The resolution recognized Dr. Madelaine Murad, the practice's chief medical officer, for developing individualized cannabis treatment plans; Vicki Jacobson, chief operating officer, for leading outreach particularly among senior populations; and Melanie Jacobson, cannabis consultant, for patient advocacy and education. The practice's use of statewide telemedicine was specifically highlighted — a model that's critical in a state where dispensary density remains limited and rural patients face significant access barriers.
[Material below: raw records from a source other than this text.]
(* For every object $V$ of $\mathcal{E}_q^{deg}$, the isotropic functor $iso_V$ is self-dual in $\mathcal{F}_{iso}$: there exists an isomorphism $\gamma:iso_V\xrightarrow{\simeq}D(iso_V)$ which is self-adjoint, i.e. $\gamma=D\gamma\circ\eta_{iso_V}$, where $\eta_F:F\to D^2F$ is the unit of the adjunction between $D$ and $D^{op}$.
   Context: $\mathcal{E}$: all $\mathbb{F}_2$-vector spaces; $(-)^*$ linear duality. $\mathcal{E}_q^{deg}$: objects finite-dimensional quadratic spaces over $\mathbb{F}_2$ (possibly degenerate), morphisms injective linear maps preserving quadratic forms. $\mathrm{Sp}(\mathcal{E}_q^{deg})$: same objects, morphisms spans $[V\leftarrow D\rightarrow W]$ up to iso of $D$, composed by pullback (intersection of images). $\mathcal{F}_{iso}=\mathrm{Func}(\mathrm{Sp}(\mathcal{E}_q^{deg}),\mathcal{E})$. Transposition $tr:\mathrm{Sp}(\mathcal{E}_q^{deg})^{op}\to\mathrm{Sp}(\mathcal{E}_q^{deg})$ sends $[V\leftarrow X\rightarrow W]$ to $[W\leftarrow X\rightarrow V]$; the duality $D:\mathcal{F}_{iso}^{op}\to\mathcal{F}_{iso}$ is $DF=(-)^*\circ F\circ tr^{op}$; $D$ is right adjoint to $D^{op}$ with unit $\eta_F:F\to D^2F$ (the canonical map to the double dual). $Q_V=\mathbb{F}_2[\mathrm{Hom}_{\mathrm{Sp}(\mathcal{E}_q^{deg})}(V,-)]$. Let $(\mathrm{Id}_V)^*\in DQ_V(V)=\mathbb{F}_2[\mathrm{End}(V)]^*$ be the linear form with value $1$ on $\mathrm{Id}_V$ and $0$ on every other basis element, and $a_V:Q_V\to DQ_V$ the morphism corresponding to it by the Yoneda lemma. The isotropic functor $iso_V$ is the image of $a_V$. *)

theory Defs
  imports Main "HOL-Library.Z2" "HOL-Library.Function_Algebras"
begin

text \<open>Every finite-dimensional F_2-vector space is
  isomorphic to some F_2^n, which we realise as the functions nat => bit vanishing
  from index n on.  An object of E_q^deg is a pair (n, q) with q a (possibly
  degenerate) quadratic form on F_2^n; this is an equivalent full subcategory.\<close>

type_synonym vec = "nat \<Rightarrow> bit"
type_synonym qspace = "nat \<times> (vec \<Rightarrow> bit)"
For a state legislature to formally honor a cannabis practice for contributions to patient safety, education, and responsible guidance tells you something about where Georgia's political center of gravity is heading. And for the companies already operating on the ground, the trajectory just got meaningfully steeper.
Trulieve's Georgia Positioning
No operator is better positioned to capitalize on Georgia's evolution than Trulieve (NYSE: TRLV).
The company holds a Class 1 production license — the larger of the state's two license tiers, authorizing up to 100,000 square feet of indoor cultivation — and operates an indoor cultivation and processing facility in Adel, Georgia as part of its vertically integrated model. Trulieve currently runs six dispensary locations across the state in Pooler, Newnan, Evans, Columbus, Marietta, and Macon, making it the largest dispensary operator in Georgia by location count.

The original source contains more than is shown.